[Exercise brief]:
Some lines in the records below may hold the word "moreover"; give the number of those lines and nothing else.

[Data to examine]:

►

definition VC_l :: "('a, 'b) monoid_scheme \<Rightarrow> 'a set \<Rightarrow> 'a set \<Rightarrow> enat" where
  "VC_l G B A = VC (carrier G) ((\<lambda>x. x <#\<^bsub>G\<^esub> A) ` B)"

definition VC_r :: "('a, 'b) monoid_scheme \<Rightarrow> 'a set \<Rightarrow> 'a set \<Rightarrow> enat" where
  "VC_r G B A = VC (carrier G) ((\<lambda>x. A #>\<^bsub>G\<^esub> x) ` B)"

definition St_l :: "('a, 'b) monoid_scheme \<Rightarrow> real \<Rightarrow> 'a set \<Rightarrow> 'a set" where
  "St_l G \<epsilon> A = {x \<in> carrier G.
     real (card (((x <#\<^bsub>G\<^esub> A) - A) \<union> (A - (x <#\<^bsub>G\<^esub> A)))) \<le> \<epsilon> * real (card A)}"

definition St_r :: "('a, 'b) monoid_scheme \<Rightarrow> real \<Rightarrow> 'a set \<Rightarrow> 'a set" where
  "St_r G \<epsilon> A = {x \<in> carrier G.
     real (card (((A #>\<^bsub>G\<^esub> x) - A) \<union> (A - (A #>\<^bsub>G\<^esub> x)))) \<le> \<epsilon> * real (card A)}"

definition cov_le :: "('a, 'b) monoid_scheme \<Rightarrow> 'a set \<Rightarrow> 'a set \<Rightarrow> real \<Rightarrow> bool" where
  "cov_le G Y C K \<longleftrightarrow> (\<exists>F. F \<subseteq> Y \<and> finite F \<and> real (card F) \<le> K \<and> Y \<subseteq> F <#>\<^bsub>G\<^esub> C)"

end

theory Submission
  imports Defs
begin

text \<open>
  The work is done by Haussler's packing lemma: if a family \<open>P\<close> of subsets of a finite set \<open>X\<close>
  has VC dimension at most \<open>d\<close> and its members pairwise differ in more than \<open>\<delta>\<close> points, then
  \<open>card P \<le> (30 card X / \<delta>)^d\<close>. Average over all samples \<open>A \<subseteq> X\<close> of size \<open>k + 1 \<approx> 4 d card X / \<delta>\<close>,
  weighting each vertex of the one-inclusion graph of the trace of \<open>P\<close> on \<open>A\<close> by the size of its
  fiber. Haussler's edge bound caps the total edge weight by \<open>d card P\<close>. On the other hand, for
  \<open>b \<in> A\<close> the fibers of the trace on \<open>A - {b}\<close> are \<open>\<delta>\<close>-separated and differ only outside \<open>A - {b}\<close>,
  so the edges in direction \<open>b\<close> weigh on average at least \<open>\<delta>/2 (card P - \<Phi>) / card X\<close>, where
  \<open>\<Phi> = sauer_bound d k\<close> bounds the number of fibers. Hence \<open>card P \<le> 2 \<Phi>\<close>, and
  \<open>\<Phi> \<le> (3k/d)^d\<close> gives the constant 30.

  A maximal \<open>\<epsilon> card A\<close>-separated subfamily of the translates \<open>x A\<close>, \<open>x \<in> B\<close>, all lying in \<open>B A\<close>, is
  then a net for them, and \<open>x A\<close> being close to \<open>b A\<close> means \<open>inv x \<otimes> b \<in> St_l G \<epsilon> A\<close>. On the right,
  \<open>A x\<close> close to \<open>A b\<close> means \<open>x \<otimes> inv b \<in> St_r G \<epsilon> A\<close>, which covers \<open>inv b\<close> by \<open>inv x\<close>.
\<close>

section \<open>Shattering and the Sauer-Shelah lemma\<close>

definition VC_bounded :: "nat \<Rightarrow> 'a set set \<Rightarrow> 'a set \<Rightarrow> bool" where
  "VC_bounded d Q X \<longleftrightarrow> (\<forall>Y. Y \<subseteq> X \<longrightarrow> shatters Q Y \<longrightarrow> card Y \<le> d)"

lemma shatters_mono:
  assumes "P \<subseteq> P'" "shatters P Y"
  shows "shatters P' Y"
  using assms image_mono[OF assms(1), of "\<lambda>S. Y \<inter> S"] unfolding shatters_def by auto

lemma VC_bounded_mono: "P \<subseteq> P' \<Longrightarrow> VC_bounded d P' X \<Longrightarrow> VC_bounded d P X"
  unfolding VC_bounded_def using shatters_mono by blast

lemma VC_le_imp_VC_bounded:
  assumes "VC C F \<le> enat d" "X \<subseteq> C"
  shows "VC_bounded d F X"
  unfolding VC_bounded_def
proof (intro allI impI)
  fix Y assume Y: "Y \<subseteq> X" "shatters F Y"
  show "card Y \<le> d"
  proof (cases "finite Y")
    case True
    then have "enat (card Y) \<le> VC C F"
      unfolding VC_def using Y assms(2) by (intro SUP_upper) auto
    then show ?thesis using order_trans[OF _ assms(1)] by fastforce
  qed simp
qed

lemma VC_bounded_image:
  assumes "VC_bounded d Q X" "A \<subseteq> X" "\<And>S. S \<in> Q \<Longrightarrow> f S \<inter> A = S \<inter> A"
  shows "VC_bounded d (f ` Q) A"
  unfolding VC_bounded_def
proof (intro allI impI)
  fix Y assume Y: "Y \<subseteq> A" "shatters (f ` Q) Y"
  have "(\<lambda>S. Y \<inter> S) ` f ` Q = (\<lambda>S. Y \<inter> S) ` Q"
    unfolding image_image using Y(1) assms(3) by (intro image_cong) blast+
  then have "shatters Q Y" using Y(2) unfolding shatters_def by simp
  then show "card Y \<le> d" using assms(1,2) Y(1) unfolding VC_bounded_def by blast
qed

text \<open>The one-inclusion graph of \<open>Q\<close> joins \<open>R\<close> and \<open>insert a R\<close> whenever both lie in \<open>Q\<close>;
  \<open>lower_ends Q a\<close> indexes its edges in direction \<open>a\<close>.\<close>
definition lower_ends :: "'a set set \<Rightarrow> 'a \<Rightarrow> 'a set set" where
  "lower_ends Q a = {R \<in> Q. a \<notin> R \<and> insert a R \<in> Q}"

lemma shatters_insert_lower_ends:
  assumes "shatters (lower_ends Q a) Y"
  shows "shatters Q (insert a Y)"
  unfolding shatters_def
proof (intro equalityI subsetI)
  fix Z assume Z: "Z \<in> Pow (insert a Y)"
  then have "Z - {a} \<in> (\<lambda>S. Y \<inter> S) ` lower_ends Q a"
    using assms unfolding shatters_def by blast
  then obtain R where R: "R \<in> Q" "a \<notin> R" "insert a R \<in> Q" "Y \<inter> R = Z - {a}"
    unfolding lower_ends_def by blast
  show "Z \<in> (\<lambda>S. insert a Y \<inter> S) ` Q"
  proof (cases "a \<in> Z")
    case True
    then have "Z = insert a Y \<inter> insert a R" using R(4) Z by auto
    then show ?thesis using R(3) by blast
  next
    case False
    then have "Z = insert a Y \<inter> R" using R(2,4) Z by auto
    then show ?thesis using R(1) by blast
  qed
qed auto

lemma VC_bounded_lower_ends:
  assumes "VC_bounded d Q X" "a \<in> X"
  shows "VC_bounded (d - 1) (lower_ends Q a) (X - {a})"
  unfolding VC_bounded_def
proof (intro allI impI)
  fix Y assume Y: "Y \<subseteq> X - {a}" "shatters (lower_ends Q a) Y"
  have "insert a Y \<subseteq> X" using Y(1) assms(2) by auto
  moreover have "shatters Q (insert a Y)" using Y(2) by (rule shatters_insert_lower_ends)
  ultimately have "card (insert a Y) \<le> d" using assms(1) unfolding VC_bounded_def by blast
  moreover have "a \<notin> Y" using Y(1) by auto
  ultimately show "card Y \<le> d - 1" by (cases "finite Y") auto
qed

lemma lower_ends_eq_empty_if_VC_bounded_0:
  assumes "VC_bounded 0 Q X" "a \<in> X"
  shows "lower_ends Q a = {}"
proof (rule ccontr)
  assume "lower_ends Q a \<noteq> {}"
  then have "shatters (lower_ends Q a) {}" unfolding shatters_def by auto
  then have "shatters Q {a}" using shatters_insert_lower_ends[of Q a "{}"] by simp
  moreover have "{a} \<subseteq> X" using assms(2) by simp
  ultimately have "card {a} \<le> 0" using assms(1) unfolding VC_bounded_def by blast
  then show False by simp
qed

lemma card_eq_card_delete_plus_card_lower_ends:
  assumes "finite Q"
  shows "card Q = card ((\<lambda>R. R - {a}) ` Q) + card (lower_ends Q a)"
proof -
  define Qo where "Qo = {R \<in> Q. a \<notin> R}"
  define Qi where "Qi = {R \<in> Q. a \<in> R}"
  have fin: "finite Qo" "finite Qi" using assms by (auto simp: Qo_def Qi_def)
  have inj: "inj_on (\<lambda>R. R - {a}) Qi" unfolding Qi_def inj_on_def by blast
  have "(\<lambda>R. R - {a}) ` Qo = Qo" unfolding Qo_def by auto
  then have "(\<lambda>R. R - {a}) ` Q = Qo \<union> (\<lambda>R. R - {a}) ` Qi"
    unfolding Qo_def Qi_def by blast
  moreover have "Qo \<inter> (\<lambda>R. R - {a}) ` Qi = lower_ends Q a"
  proof (intro equalityI subsetI)
    fix R assume "R \<in> Qo \<inter> (\<lambda>R. R - {a}) ` Qi"
    then obtain S where "R \<in> Q" "a \<notin> R" "S \<in> Q" "a \<in> S" "R = S - {a}"
      unfolding Qo_def Qi_def by auto
    then show "R \<in> lower_ends Q a" unfolding lower_ends_def by (simp add: insert_absorb)
  next
    fix R assume "R \<in> lower_ends Q a"
    then have "R \<in> Qo" "insert a R \<in> Qi" "R = insert a R - {a}"
      unfolding lower_ends_def Qo_def Qi_def by auto
    then show "R \<in> Qo \<inter> (\<lambda>R. R - {a}) ` Qi" by blast
  qed
  moreover have "card Q = card Qo + card Qi"
  proof -
    have "Q = Qo \<union> Qi" "Qo \<inter> Qi = {}" unfolding Qo_def Qi_def by auto
    then show ?thesis using card_Un_disjoint[OF fin] by simp
  qed
  ultimately show ?thesis
    using card_Un_Int[OF fin(1) finite_imageI[OF fin(2)], of "\<lambda>R. R - {a}"] card_image[OF inj]
    by simp
qed

definition sauer_bound :: "nat \<Rightarrow> nat \<Rightarrow> nat" where
  "sauer_bound d m = (\<Sum>i\<le>d. m choose i)"

lemma sauer_bound_0_left [simp]: "sauer_bound 0 m = 1"
  by (simp add: sauer_bound_def)

lemma sauer_bound_0_right [simp]: "sauer_bound d 0 = 1"
  unfolding sauer_bound_def by (induction d) auto

lemma sauer_bound_Suc_Suc: "sauer_bound (Suc d) (Suc m) = sauer_bound (Suc d) m + sauer_bound d m"
proof -
  have "sauer_bound (Suc d) (Suc m) = 1 + (\<Sum>i\<le>d. Suc m choose Suc i)"
    unfolding sauer_bound_def by (subst sum.atMost_Suc_shift) simp
  also have "\<dots> = (1 + (\<Sum>i\<le>d. m choose Suc i)) + (\<Sum>i\<le>d. m choose i)"
    by (simp add: sum.distrib)
  also have "1 + (\<Sum>i\<le>d. m choose Suc i) = sauer_bound (Suc d) m"
    unfolding sauer_bound_def by (subst sum.atMost_Suc_shift) simp
  finally show ?thesis by (simp add: sauer_bound_def)
qed

lemma sauer_bound_eq_power_of_two: "m \<le> d \<Longrightarrow> sauer_bound d m = 2 ^ m"
  unfolding sauer_bound_def
  by (subst sum.mono_neutral_right[of "{..d}" "{..m}"]) (auto simp: choose_row_sum)

lemma sauer_bound_le:
  assumes "1 \<le> d" "d \<le> m"
  shows "real (sauer_bound d m) \<le> (3 * real m / real d) ^ d"
proof -
  define t where "t = real d / real m"
  have m0: "real m > 0" using assms by simp
  have t: "0 < t" "t \<le> 1" unfolding t_def using assms m0 by auto
  have "t ^ d * real (sauer_bound d m) = (\<Sum>i\<le>d. real (m choose i) * t ^ d)"
    unfolding sauer_bound_def of_nat_sum by (simp add: sum_distrib_left mult.commute)
  also have "\<dots> \<le> (\<Sum>i\<le>d. real (m choose i) * t ^ i)"
    by (intro sum_mono mult_left_mono power_decreasing) (use t in auto)
  also have "\<dots> \<le> (\<Sum>i\<le>m. real (m choose i) * t ^ i)"
    by (intro sum_mono2) (use assms t in auto)
  also have "\<dots> = (t + 1) ^ m"
    using binomial_ring[of t 1 m] by simp
  also have "\<dots> \<le> exp t ^ m"
    using exp_ge_add_one_self[of t] t by (intro power_mono) (auto simp: add.commute)
  also have "\<dots> = exp 1 ^ d"
    using m0 by (simp add: t_def flip: exp_of_nat_mult)
  also have "\<dots> \<le> 3 ^ d" by (intro power_mono exp_le) auto
  finally have "t ^ d * real (sauer_bound d m) \<le> 3 ^ d" .
  then show ?thesis using t m0 assms by (simp add: t_def field_simps power_divide)
qed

◄

[Answer for this exercise]:
5